Leonardo Da Vinci – Innovation in Daily Things

Written on November 2, 2007 by Santiago Iñiguez in Philosophy

Santiago Iñiguez

Da_vinci Leonardo Da Vinci Notes on Cookery and Table Etiquette (*)

Leonardo’s notebooks on culinary affairs ooze with so much irony that he probably wanted them inaccessible, a possible reason why the maestro wrote them backwards; an awkward practice common to all his handwritten documents. Amusingly, a menu designed by Leonardo and Botticelli for a Florence tavern was so illegible that, despite the proportioned figures drawn by the latter, neither clients nor cooks were able to interpret it.

Leonardo is considered a genius for all seasons and his notebooks also show that he was a tireless worker and that he kept everything under observation, his senses on the alert in order to improve objects and daily routines. This openness to the external world, to how things work and how can they be improved, is the basis of innovation and a desirable attitude for all managers. Intelligence without a constant disposition to improve practical things may become a useless asset.

The notes on kitchen were written by Leonardo for his own use, during his service as advisor to Luigi Sforza, the head of a prominent aristocratic family of Florence’s Renaissance. They include recipes, design of devices to improve cookery, recommendations on the etiquette at the table and more. For example, Leonardo is attributed to have introduced the use of napkins, as recorded in one of his notes: “An alternative to dirty table clothes” –apparently, guests used to clean themselves with the same tablecloth.   

I include some of the notes that caught my attention, though the whole book is recommendable and entertaining.

On new devices for the Kitchen

Leonardo’s notes of to-do-things and new objects to be designed, combined with his characteristic drawings, raise reader’s affection and admiration. In one of the notes, “the new machines that I have yet to design for my kitchens”, he announces his intention to develop different devices “to pluck ducks, cut pigs into small cubes, knead bread, grind meat and press sheep”. Another note deals with one of the first accounts of how freezing preserves food. He tells about a person called Leoni Buillarotti who every year took hundreds of frogs to Lake Trasimeno before it froze and then cut pieces of the ice with the frogs inside and kept them in a cold place. According to Leonardo, the frog’s legs cooked by Buillarotti were one of the most demanded exquisite delicacies of the time.

On how to seat people at the table

One of the book’s most amazing pieces is the note on how to seat murderers at the table: “If there is a murderer invited for lunch, it is most decent that he takes the next seat to he who will become the target of his craft (on his right or left, depending on the method that the murderer uses). This way, the murder won’t interrupt the ongoing conversation at the table”. It seems that luncheons were preferred occasions for murdering those days in Firenze, given the number of notes devoted by Leonardo on how to clean blood from a tablecloth, or how poison tasters should proceed. 

On manners at lunch

A really hilarious note is the one describing “indecent behaviors at my Master’s table”:

–    “Nobody should seat on the table, nor show his back to the table, nor on the lap of another guest”.
–    “Nobody should take food from another’s guest plate, unless he first asks for permission”.
–    “Nobody should clean his knife with his neighbor’s clothes”.
–    “Nobody should take food from the table and put it in his pocket for later consumption”.
–    “Nobody should pinch or beat his table neighbor”.
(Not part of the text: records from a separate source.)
lemma is_LC_unique:
  assumes N1: "is_LC L N1" and N2: "is_LC L N2"
  shows "N1 = N2"
proof (rule ext, rule ext)
  fix X Y
  show "N1 X Y = N2 X Y"
  proof (cases "X \<in> vecs \<and> Y \<in> vecs")
    case False
    then show ?thesis using is_LC_outside_vecs[OF N1] is_LC_outside_vecs[OF N2] by simp
  next
    case True
    define D where "D X Y Z = gm (vsub (N1 X Y) (N2 X Y)) Z" for X Y Z
    have sym: "D X Y Z = D Y X Z" if "X \<in> vecs" "Y \<in> vecs" for X Y Z
    proof -
      have "vsub (N1 X Y) (N1 Y X) = vsub (N2 X Y) (N2 Y X)"
        using is_LC_torsion_free[OF N1 that] is_LC_torsion_free[OF N2 that] by simp
      then have torsion: "N1 X Y i - N1 Y X i = N2 X Y i - N2 Y X i" for i
        unfolding vsub_def by (rule fun_cong)
      have "vsub (N1 X Y) (N2 X Y) = vsub (N1 Y X) (N2 Y X)"
      proof
        fix i
        show "vsub (N1 X Y) (N2 X Y) i = vsub (N1 Y X) (N2 Y X) i"
          using torsion[of i] unfolding vsub_def by linarith
      qed
      then show ?thesis unfolding D_def by simp
    qed
    have skew: "D X Y Z = - D X Z Y" if "X \<in> vecs" "Y \<in> vecs" "Z \<in> vecs" for X Y Z
      unfolding D_def gm_vsub_left using is_LC_metric[OF N1 that] is_LC_metric[OF N2 that] by simp
    have "vsub (N1 X Y) (N2 X Y) = (\<lambda>i. 0)"
    proof (rule gm_nondegenerate)
      show "vsub (N1 X Y) (N2 X Y) \<in> vecs"
        using is_LC_in_vecs[OF N1] is_LC_in_vecs[OF N2] by (rule vecs_vsub)
      show "gm (vsub (N1 X Y) (N2 X Y)) Z = 0" if "Z \<in> vecs" for Z
        using sym_skew_eq_0[of vecs D X Y Z, OF sym skew] True that unfolding D_def by simp
    qed
    then show ?thesis by (simp add: fun_eq_iff vsub_def)
  qed
qed

lemma LC_eqI: "is_LC L N \<Longrightarrow> LC L = N"
  unfolding LC_def using is_LC_unique by blast

definition vecs_restrict :: "(vect \<Rightarrow> vect \<Rightarrow> vect) \<Rightarrow> vect \<Rightarrow> vect \<Rightarrow> vect" where
  "vecs_restrict B X Y = (if X \<in> vecs \<and> Y \<in> vecs then B X Y else (\<lambda>i. 0))"

lemma vecs_restrict_v8 [simp]:
  "vecs_restrict B (v8 x1 x2 x3 x4 x5 x6 x7 x8) (v8 y1 y2 y3 y4 y5 y6 y7 y8) =
   B (v8 x1 x2 x3 x4 x5 x6 x7 x8) (v8 y1 y2 y3 y4 y5 y6 y7 y8)"
  by (simp add: vecs_restrict_def)

lemma is_LC_vecs_restrictI:
  assumes "\<forall>X\<in>vecs. \<forall>Y\<in>vecs. B X Y \<in> vecs"
    and "\<forall>X\<in>vecs. \<forall>Y\<in>vecs. \<forall>Z\<in>vecs. \<forall>a b.
           B (vadd (vsc a X) (vsc b Y)) Z = vadd (vsc a (B X Z)) (vsc b (B Y Z)) \<and>
           B Z (vadd (vsc a X) (vsc b Y)) = vadd (vsc a (B Z X)) (vsc b (B Z Y))"
    and "\<forall>X\<in>vecs. \<forall>Y\<in>vecs. vsub (B X Y) (B Y X) = br L X Y"
    and "\<forall>X\<in>vecs. \<forall>Y\<in>vecs. \<forall>Z\<in>vecs. gm (B X Y) Z + gm Y (B X Z) = 0"
  shows "is_LC L (vecs_restrict B)"
  using assms unfolding is_LC_def vecs_restrict_def by (simp add: vecs_lincomb zero_in_vecs)


section \<open>The five structures\<close>

lemma lie_isoI:
  assumes "\<forall>X\<in>vecs. f X \<in> vecs" and "\<forall>Y\<in>vecs. f' Y \<in> vecs"
    and "\<forall>X\<in>vecs. f' (f X) = X" and "\<forall>Y\<in>vecs. f (f' Y) = Y"
    and "\<forall>X\<in>vecs. \<forall>Y\<in>vecs. \<forall>a b. f (vadd (vsc a X) (vsc b Y)) = vadd (vsc a (f X)) (vsc b (f Y))"
    and "\<forall>X\<in>vecs. \<forall>Y\<in>vecs. f (br L1 X Y) = br L2 (f X) (f Y)"
  shows "lie_iso L1 L2"
  unfolding lie_iso_def using assms
  by (intro exI[of _ f] conjI bij_betw_byWitness[of vecs f']) auto

lemma tau1_nonzeroI:
  assumes "i \<in> {1..4}" "j \<in> {1..4}" "k \<in> {1..4}" "d2 L Fm (bvec i) (bvec j) (bvec k) \<noteq> 0"
  shows "tau1_nonzero L"
  using assms unfolding tau1_nonzero_def by blast

lemma not_flatI:
  assumes "X \<in> vecs" "Y \<in> vecs" "Z \<in> vecs" "curv L X Y Z i \<noteq> 0"
  shows "\<not> flat L"
proof
  assume "flat L"
  then have "curv L X Y Z = (\<lambda>i. 0)" using assms(1-3) unfolding flat_def by blast
  then show False using assms(4) by simp
qed


lemma br_h1:
  "br h1 (v8 x1 x2 x3 x4 x5 x6 x7 x8) (v8 y1 y2 y3 y4 y5 y6 y7 y8) =
   v8 0 0 0
      (- (x1 * y2 - x2 * y1))
      (- (x1 * y4 - x4 * y1) - (x2 * y3 - x3 * y2))
      (- (x2 * y4 - x4 * y2))
      (- (x1 * y5 - x5 * y1) + (x3 * y4 - x4 * y3))
      0"
  by (rule br_eq_v8[THEN trans])
    (simp add: h1_def, unfold br_def sum_atLeastAtMost_1_8,
     simp add: dif_def h1_def fsum_def wt_def ew_def z2_def algebra_simps)

lemma br_g1:
  "br (g1 l m k) (v8 x1 x2 x3 x4 x5 x6 x7 x8) (v8 y1 y2 y3 y4 y5 y6 y7 y8) =
   v8 0 0
      (l * (x1 * y8 - x8 * y1))
      0
      (- l * (x7 * y8 - x8 * y7) + m * (x2 * y3 - x3 * y2))
      (- m * (x1 * y3 - x3 * y1))
      (- l * m * (x3 * y8 - x8 * y3) + m * (x1 * y2 - x2 * y1))
      0"
  by (rule br_eq_v8[THEN trans])
    (simp add: g1_def, unfold br_def sum_atLeastAtMost_1_8,
     simp add: dif_def g1_def fsum_def wt_def ew_def z2_def algebra_simps)

lemma LC_g1:
  "LC (g1 l m k) = vecs_restrict (\<lambda>X Y.
      v8 0 0
         (- l * X 8 * Y 1)
         (l * m * X 3 * Y 3)
         (l * X 8 * Y 7 + m / 2 * (X 2 * Y 3 - X 3 * Y 2))
         (- m / 2 * (X 1 * Y 3 - X 3 * Y 1))
         (- l * m * X 3 * Y 8 + m / 2 * (X 1 * Y 2 - X 2 * Y 1))
         0)"
  by (rule LC_eqI, rule is_LC_vecs_restrictI) (simp_all add: ball_vecs br_g1 algebra_simps field_simps)

lemma claim_g1_h1:
  assumes "l \<noteq> 0" "m \<noteq> 0"
  shows "claim (g1 l m k) h1"
  unfolding claim_def
proof (intro conjI)
  show "lie_algebra (g1 l m k)"
    unfolding lie_algebra_def ball_vecs br_g1 by (simp add: g1_def zero_eq_v8 algebra_simps)
  show "lie_algebra h1"
    unfolding lie_algebra_def ball_vecs br_h1 by (simp add: h1_def zero_eq_v8 algebra_simps)
  show "lie_iso (g1 l m k) h1"
    by (rule lie_isoI[where f = "\<lambda>X. v8 (l * X 8) (X 1) (X 2) (X 3) (- X 7 / m) (X 6 / m) (X 5 / m) (X 4)"
                        and f' = "\<lambda>Y. v8 (Y 2) (Y 3) (Y 4) (Y 8) (m * Y 7) (m * Y 6) (- m * Y 5) (Y 1 / l)"])
      (simp_all add: ball_vecs br_g1 br_h1 assms field_simps)
  show "nearly_parakahler (g1 l m k)"
    unfolding nearly_parakahler_def LC_g1 ball_vecs by (simp add: zero_eq_v8 algebra_simps)
  show "tau1_nonzero (g1 l m k)"
    by (rule tau1_nonzeroI[of 1 2 3]) (simp_all add: d2_def br_g1 assms)
  show "ricci_flat (g1 l m k)"
    unfolding ricci_flat_def ricci_def curv_def LC_g1 ball_vecs sum_atLeastAtMost_1_8
    by (simp add: br_g1 algebra_simps)
  show "\<not> flat (g1 l m k)"
    by (rule not_flatI[of "bvec 1" "bvec 8" "bvec 3" _ 4]) (simp_all add: curv_def LC_g1 br_g1 assms)
qed


lemma br_h2:
  "br h2 (v8 x1 x2 x3 x4 x5 x6 x7 x8) (v8 y1 y2 y3 y4 y5 y6 y7 y8) =
   v8 0 0 0
      (- (x1 * y2 - x2 * y1))
      (- (x1 * y4 - x4 * y1) - (x2 * y3 - x3 * y2))
      (- (x1 * y3 - x3 * y1) - (x2 * y4 - x4 * y2))
      (- (x1 * y5 - x5 * y1) + (x3 * y4 - x4 * y3))
      0"
  by (rule br_eq_v8[THEN trans])
    (simp add: h2_def, unfold br_def sum_atLeastAtMost_1_8,
     simp add: dif_def h2_def fsum_def wt_def ew_def z2_def algebra_simps)

lemma br_g2:
  "br (g2 l m k) (v8 x1 x2 x3 x4 x5 x6 x7 x8) (v8 y1 y2 y3 y4 y5 y6 y7 y8) =
   v8 0 0
      (l * (x1 * y8 - x8 * y1))
      0
      (- l * (x7 * y8 - x8 * y7) + m * (x2 * y3 - x3 * y2))
      (l * m * (x2 * y8 - x8 * y2) - m * (x1 * y3 - x3 * y1))
      (- l * m * (x3 * y8 - x8 * y3) + m * (x1 * y2 - x2 * y1))
      0"
  by (rule br_eq_v8[THEN trans])
    (simp add: g2_def, unfold br_def sum_atLeastAtMost_1_8,
     simp add: dif_def g2_def fsum_def wt_def ew_def z2_def algebra_simps)

lemma LC_g2:
  "LC (g2 l m k) = vecs_restrict (\<lambda>X Y.
      v8 0 0
         (- l * X 8 * Y 1)
         (- l * m * X 2 * Y 2 + l * m * X 3 * Y 3)
         (l * X 8 * Y 7 + m / 2 * (X 2 * Y 3 - X 3 * Y 2))
         (l * m * X 2 * Y 8 - m / 2 * (X 1 * Y 3 - X 3 * Y 1))
         (- l * m * X 3 * Y 8 + m / 2 * (X 1 * Y 2 - X 2 * Y 1))
         0)"
  by (rule LC_eqI, rule is_LC_vecs_restrictI) (simp_all add: ball_vecs br_g2 algebra_simps field_simps)

lemma claim_g2_h2:
  assumes "l \<noteq> 0" "m \<noteq> 0"
  shows "claim (g2 l m k) h2"
  unfolding claim_def
proof (intro conjI)
  show "lie_algebra (g2 l m k)"
    unfolding lie_algebra_def ball_vecs br_g2 by (simp add: g2_def zero_eq_v8 algebra_simps)
  show "lie_algebra h2"
    unfolding lie_algebra_def ball_vecs br_h2 by (simp add: h2_def zero_eq_v8 algebra_simps)
  show "lie_iso (g2 l m k) h2"
    by (rule lie_isoI[where f = "\<lambda>X. v8 (l * X 8) (X 1) (X 2) (X 3) (- X 7 / m) (X 6 / m) (X 5 / m) (X 4)"
                        and f' = "\<lambda>Y. v8 (Y 2) (Y 3) (Y 4) (Y 8) (m * Y 7) (m * Y 6) (- m * Y 5) (Y 1 / l)"])
      (simp_all add: ball_vecs br_g2 br_h2 assms field_simps)
  show "nearly_parakahler (g2 l m k)"
    unfolding nearly_parakahler_def LC_g2 ball_vecs by (simp add: zero_eq_v8 algebra_simps)
  show "tau1_nonzero (g2 l m k)"
    by (rule tau1_nonzeroI[of 1 2 3]) (simp_all add: d2_def br_g2 assms)
  show "ricci_flat (g2 l m k)"
    unfolding ricci_flat_def ricci_def curv_def LC_g2 ball_vecs sum_atLeastAtMost_1_8
    by (simp add: br_g2 algebra_simps)
  show "\<not> flat (g2 l m k)"
    by (rule not_flatI[of "bvec 1" "bvec 8" "bvec 3" _ 4]) (simp_all add: curv_def LC_g2 br_g2 assms)
qed


lemma br_h3:
  "br h3 (v8 x1 x2 x3 x4 x5 x6 x7 x8) (v8 y1 y2 y3 y4 y5 y6 y7 y8) =
   v8 0 0
      (- (x1 * y2 - x2 * y1))
      0
      (- (x1 * y3 - x3 * y1) - (x2 * y4 - x4 * y2))
      (- (x2 * y3 - x3 * y2))
      (- (x1 * y5 - x5 * y1) - (x2 * y6 - x6 * y2) - (x3 * y4 - x4 * y3))
      0"
  by (rule br_eq_v8[THEN trans])
    (simp add: h3_def, unfold br_def sum_atLeastAtMost_1_8,
     simp add: dif_def h3_def fsum_def wt_def ew_def z2_def algebra_simps)

lemma br_g3:
  "br (g3 l m k) (v8 x1 x2 x3 x4 x5 x6 x7 x8) (v8 y1 y2 y3 y4 y5 y6 y7 y8) =
   v8 0
      (l * (x1 * y8 - x8 * y1))
      0 0
      (k * l * (x1 * y8 - x8 * y1) - l * (x6 * y8 - x8 * y6) - m * (x2 * y3 - x3 * y2) - (x1 * y7 - x7 * y1))
      (- l * m * (x2 * y8 - x8 * y2) + m * (x1 * y3 - x3 * y1))
      (- m * (x1 * y2 - x2 * y1))
      0"
  by (rule br_eq_v8[THEN trans])
    (simp add: g3_def, unfold br_def sum_atLeastAtMost_1_8,
     simp add: dif_def g3_def fsum_def wt_def ew_def z2_def algebra_simps)

lemma LC_g3:
  "LC (g3 l m k) = vecs_restrict (\<lambda>X Y.
      v8 0
         (- l * X 8 * Y 1)
         (X 1 * Y 1)
         (- k * l * X 1 * Y 1 + l * m * X 2 * Y 2)
         (k * l * X 1 * Y 8 + l * X 8 * Y 6 - m / 2 * (X 2 * Y 3 - X 3 * Y 2) - X 1 * Y 7)
         (- l * m * X 2 * Y 8 + m / 2 * (X 1 * Y 3 - X 3 * Y 1))
         (- m / 2 * (X 1 * Y 2 - X 2 * Y 1))
         0)"
  by (rule LC_eqI, rule is_LC_vecs_restrictI) (simp_all add: ball_vecs br_g3 algebra_simps field_simps)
The list of recommendations continues. Indeed, a note that could be used in toast if you look to provoke laughter from your audience 

Had Leonardo lived in our days, I am sure he would have become an active blogger though I wonder whether he would have developed his own software to write backwards.

(*) I take the Spanish edition of the book “Notas de cocina de Leonardo Da Vinci”, Ediciones Temas de Hoy, Madrid 1996.